The production of ultrafine particles from human activity, including traffic, cooking and industry, and especially residential heating, create a pollution cocktail for the megacities of China. Compared to their counterparts in other advanced economies, American urban contexts are a pretty unique case. The atmospheric chemistry in the U.S. is highly biased toward anthropogenic compounds, dominated by oxidation of anthropogenic precursors from both anthropogenic and natural emission sources.

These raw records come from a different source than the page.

text \<open>Both mixed partials are limits of the same second difference quotient.\<close>
lemma partial1_partial2_commute:
  assumes f: "schwartz f"
  shows "partial1 (partial2 f) = partial2 (partial1 f)"
proof (rule ext, clarify)
  fix x0 y0
  let ?\<Delta> = "\<lambda>h. (f (x0+h, y0+h) - f (x0+h, y0) - f (x0, y0+h) + f (x0, y0)) / of_real (h\<^sup>2)"
  have "isCont (partials [False, True] f) (x0, y0)" "isCont (partials [True, False] f) (x0, y0)"
    using schwartzD(1)[OF f, of "[False, True]"] schwartzD(1)[OF f, of "[True, False]"]
    by (simp_all add: continuous_on_eq_continuous_at)
  then have c12: "isCont (\<lambda>p. partial2 (partial1 f) (fst p, snd p)) (x0, y0)"
    and c21: "isCont (\<lambda>p. partial1 (partial2 f) (snd p, fst p)) (y0, x0)"
    by (auto intro!: continuous_at_compose[of _ "\<lambda>p. (snd p, fst p)", unfolded o_def]
        continuous_intros)
  have "(?\<Delta> \<longlongrightarrow> partial2 (partial1 f) (x0, y0)) (at 0)"
    by (rule second_difference_tendsto[where F="\<lambda>s t. f (s, t)" and Fx="\<lambda>s t. partial1 f (s, t)"])
      (use has_vector_derivative_partial1[OF f, of "[]"]
        has_vector_derivative_partial2[OF f, of "[True]"] c12 in auto)
  moreover have "((\<lambda>h. (f (x0+h, y0+h) - f (x0, y0+h) - f (x0+h, y0) + f (x0, y0)) / of_real (h\<^sup>2))
      \<longlongrightarrow> partial1 (partial2 f) (x0, y0)) (at 0)"
    by (rule second_difference_tendsto[where F="\<lambda>s t. f (t, s)" and Fx="\<lambda>s t. partial2 f (t, s)"
          and Fxy="\<lambda>s t. partial1 (partial2 f) (t, s)" and a=y0 and b=x0])
      (use has_vector_derivative_partial2[OF f, of "[]"]
        has_vector_derivative_partial1[OF f, of "[False]"] c21 in auto)
  then have "(?\<Delta> \<longlongrightarrow> partial1 (partial2 f) (x0, y0)) (at 0)"
    by (simp add: algebra_simps)
  ultimately have "partial2 (partial1 f) (x0, y0) = partial1 (partial2 f) (x0, y0)"
    by (rule tendsto_unique[OF at_neq_bot])
  then show "partial1 (partial2 f) (x0, y0) = partial2 (partial1 f) (x0, y0)" ..
qed

lemma partial1_funpow_partial2_commute:
  "schwartz f \<Longrightarrow> partial1 ((partial2 ^^ l) f) = (partial2 ^^ l) (partial1 f)"
proof (induction l arbitrary: f)
  case (Suc l)
  then show ?case
    using partial1_partial2_commute[OF schwartz_funpow_partial2[OF Suc.prems]] by simp
qed simp

lemma funpow_partial1_partial2_commute:
  assumes "schwartz f"
  shows "(partial1 ^^ k) ((partial2 ^^ l) f) = (partial2 ^^ l) ((partial1 ^^ k) f)"
  by (induction k)
    (simp_all add: partial1_funpow_partial2_commute[OF schwartz_funpow_partial1[OF assms]])

section \<open>Decay and integrability\<close>

definition decay_weight :: "real \<times> real \<Rightarrow> real" where
  "decay_weight p = inverse (1 + (fst p)\<^sup>2) * inverse (1 + (snd p)\<^sup>2)"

Dr. Tiszenkel further explains this disparity: “Much of our understanding of particle formation comes from studies conducted in Chinese megacities, so predictions and models of air quality in the urban United States will not be accurate.” This suggests that relying on data from one region to assess another could lead to flawed conclusions regarding public health and environmental policies.
Research Implications and Future Directions
Dr. Tiszenkel and Dr. Lee’s research holds significant implications not just for Houston. This underscores the critical importance of localized studies focused on air quality and particle formation mechanisms in increasingly crowded, chemically diverse urban centers. These researchers are dedicated to continuing to develop their methodologies so that we can better understand atmospheric dynamics at a molecular scale.
“We are the first group in the U.S., to our knowledge, to simultaneously measure size-resolved aerosol concentrations from newly formed particles up to micron sizes, gas-phase precursors and particle-phase chemical composition in-situ,” states Dr. Tiszenkel. Their innovative methodology makes them uniquely suited to make definitive conclusions about new particle formation, while decreasing the number of unknown variables.
“UAH offers a complete set of advanced instruments,” said Dr. Tiszenkel. He feels they are prepared, having developed the science and practice to make significant contributions in this arena. “It was easy to pursue that in Dr. Lee’s lab at UAH where we have one of the most comprehensive instrument suites for understanding atmospheric particle formation and evolution in the country.”